__What to do__
Every line that holds the word "fractions" needs to be copied from the data below.

__Given entries__
- - - - -

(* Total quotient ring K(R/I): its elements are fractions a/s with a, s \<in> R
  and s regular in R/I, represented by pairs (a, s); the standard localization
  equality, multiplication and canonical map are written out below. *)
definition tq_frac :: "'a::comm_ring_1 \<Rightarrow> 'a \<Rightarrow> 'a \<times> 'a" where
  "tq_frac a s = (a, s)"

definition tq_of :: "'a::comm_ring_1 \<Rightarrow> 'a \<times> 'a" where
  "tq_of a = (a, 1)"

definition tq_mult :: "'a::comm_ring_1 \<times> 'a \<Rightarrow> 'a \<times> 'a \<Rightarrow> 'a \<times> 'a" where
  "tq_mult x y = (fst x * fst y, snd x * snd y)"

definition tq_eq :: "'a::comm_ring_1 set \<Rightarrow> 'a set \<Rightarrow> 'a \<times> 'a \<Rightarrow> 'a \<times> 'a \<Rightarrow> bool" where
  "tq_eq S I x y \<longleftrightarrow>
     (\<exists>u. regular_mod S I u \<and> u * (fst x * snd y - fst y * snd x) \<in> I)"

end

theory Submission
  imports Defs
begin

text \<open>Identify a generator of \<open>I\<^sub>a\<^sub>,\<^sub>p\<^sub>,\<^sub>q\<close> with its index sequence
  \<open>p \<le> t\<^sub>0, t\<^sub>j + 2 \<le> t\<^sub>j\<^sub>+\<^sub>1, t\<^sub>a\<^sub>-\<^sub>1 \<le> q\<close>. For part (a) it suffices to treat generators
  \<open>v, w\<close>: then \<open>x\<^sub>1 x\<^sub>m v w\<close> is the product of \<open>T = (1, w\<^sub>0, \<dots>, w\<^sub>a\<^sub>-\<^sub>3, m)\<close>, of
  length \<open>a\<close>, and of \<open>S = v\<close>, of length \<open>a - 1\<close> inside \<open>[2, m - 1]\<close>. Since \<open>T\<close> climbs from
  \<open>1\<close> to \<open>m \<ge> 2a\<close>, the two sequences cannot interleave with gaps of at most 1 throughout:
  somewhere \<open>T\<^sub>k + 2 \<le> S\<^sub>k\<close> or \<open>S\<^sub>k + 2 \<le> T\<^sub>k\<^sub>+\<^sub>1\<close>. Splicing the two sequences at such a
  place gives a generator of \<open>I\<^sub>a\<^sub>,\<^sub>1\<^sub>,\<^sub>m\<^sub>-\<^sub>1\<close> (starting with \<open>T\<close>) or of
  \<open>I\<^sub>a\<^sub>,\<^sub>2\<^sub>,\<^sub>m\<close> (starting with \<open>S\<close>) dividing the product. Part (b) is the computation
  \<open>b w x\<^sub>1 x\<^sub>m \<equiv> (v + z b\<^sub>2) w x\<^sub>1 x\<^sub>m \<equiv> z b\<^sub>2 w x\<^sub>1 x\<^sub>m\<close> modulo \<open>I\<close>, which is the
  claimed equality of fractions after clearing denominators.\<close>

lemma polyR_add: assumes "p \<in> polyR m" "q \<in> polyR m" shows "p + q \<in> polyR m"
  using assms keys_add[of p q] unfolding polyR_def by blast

- - - - -

__Expected answer__
(* Total quotient ring K(R/I): its elements are fractions a/s with a, s \<in> R
  claimed equality of fractions after clearing denominators.\<close>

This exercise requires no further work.